lemma Bset_orbit_cost_ge:
  assumes "classH h"
    and C: "0 \<le> C" "\<And>x x' y y'. x \<in> {0..1} \<Longrightarrow> x' \<in> {0..1} \<Longrightarrow> y \<in> {0..1} \<Longrightarrow> y' \<in> {0..1}
     \<Longrightarrow> \<bar>h x y - h x' y'\<bar> \<le> C * (\<bar>x - x'\<bar> + \<bar>y - y'\<bar>)"
    and z: "z \<in> Bset (\<lambda>_. p) (\<lambda>_. q) n \<epsilon>" and diag: "h p p = hstar h" "h q q = hstar h"
    and w: "w 0 = q" "w m = p" "\<And>j. w j \<in> {0..1}"
  shows "- (\<Sum>j<m. h (w j) (w (Suc j)) - hstar h) - 4 * C * \<epsilon> \<le> (\<Sum>i<n. h (z i) (z (Suc i)) - hstar h)"
proof -
  have pq: "p \<in> {0..1}" "q \<in> {0..1}"
    using w by metis+
  note ends = Bset_const_endpoints[OF z pq]
  have "\<bar>h p (z 0) - h p p\<bar> \<le> C * (\<bar>p - p\<bar> + \<bar>z 0 - p\<bar>)"
    using pq Xs_memD[OF ends(1)] by (intro C(2)) auto
  also have "\<dots> \<le> C * (2 * \<epsilon>)"
    using ends(2) C(1) by (intro mult_left_mono) auto
  finally have start: "h p (z 0) \<le> hstar h + 2 * C * \<epsilon>"
    using diag by simp
  have "\<bar>h (z n) q - h q q\<bar> \<le> C * (\<bar>z n - q\<bar> + \<bar>q - q\<bar>)"
    using pq Xs_memD[OF ends(1)] by (intro C(2)) auto
  also have "\<dots> \<le> C * (2 * \<epsilon>)"
    using ends(3) C(1) by (intro mult_left_mono) auto
  finally have stop: "h (z n) q \<le> hstar h + 2 * C * \<epsilon>"
    using diag by simp
  have "real (n + m + 2) * hstar h
      \<le> h p (z 0) + (\<Sum>i<n. h (z i) (z (Suc i))) + h (z n) q + (\<Sum>j<m. h (w j) (w (Suc j)))"
    using classH_orbit_closing_cost_ge[OF assms(1) ends(1) pq(1) w] .
  moreover have "real (n + m + 2) * hstar h = real n * hstar h + real m * hstar h + 2 * hstar h"
    by (simp add: algebra_simps)
  ultimately show ?thesis
    using start stop by (simp add: sum_subtractf)
qed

ACTIVITY ▸
Take the records shown above and output them again exactly.

ANSWER SPACE ▸
lemma Bset_orbit_cost_ge:
  assumes "classH h"
    and C: "0 \<le> C" "\<And>x x' y y'. x \<in> {0..1} \<Longrightarrow> x' \<in> {0..1} \<Longrightarrow> y \<in> {0..1} \<Longrightarrow> y' \<in> {0..1}
     \<Longrightarrow> \<bar>h x y - h x' y'\<bar> \<le> C * (\<bar>x - x'\<bar> + \<bar>y - y'\<bar>)"
    and z: "z \<in> Bset (\<lambda>_. p) (\<lambda>_. q) n \<epsilon>" and diag: "h p p = hstar h" "h q q = hstar h"
    and w: "w 0 = q" "w m = p" "\<And>j. w j \<in> {0..1}"
  shows "- (\<Sum>j<m. h (w j) (w (Suc j)) - hstar h) - 4 * C * \<epsilon> \<le> (\<Sum>i<n. h (z i) (z (Suc i)) - hstar h)"
proof -
  have pq: "p \<in> {0..1}" "q \<in> {0..1}"
    using w by metis+
  note ends = Bset_const_endpoints[OF z pq]
  have "\<bar>h p (z 0) - h p p\<bar> \<le> C * (\<bar>p - p\<bar> + \<bar>z 0 - p\<bar>)"
    using pq Xs_memD[OF ends(1)] by (intro C(2)) auto
  also have "\<dots> \<le> C * (2 * \<epsilon>)"
    using ends(2) C(1) by (intro mult_left_mono) auto
  finally have start: "h p (z 0) \<le> hstar h + 2 * C * \<epsilon>"
    using diag by simp
  have "\<bar>h (z n) q - h q q\<bar> \<le> C * (\<bar>z n - q\<bar> + \<bar>q - q\<bar>)"
    using pq Xs_memD[OF ends(1)] by (intro C(2)) auto
  also have "\<dots> \<le> C * (2 * \<epsilon>)"
    using ends(3) C(1) by (intro mult_left_mono) auto
  finally have stop: "h (z n) q \<le> hstar h + 2 * C * \<epsilon>"
    using diag by simp
  have "real (n + m + 2) * hstar h
      \<le> h p (z 0) + (\<Sum>i<n. h (z i) (z (Suc i))) + h (z n) q + (\<Sum>j<m. h (w j) (w (Suc j)))"
    using classH_orbit_closing_cost_ge[OF assms(1) ends(1) pq(1) w] .
  moreover have "real (n + m + 2) * hstar h = real n * hstar h + real m * hstar h + 2 * hstar h"
    by (simp add: algebra_simps)
  ultimately show ?thesis
    using start stop by (simp add: sum_subtractf)
qed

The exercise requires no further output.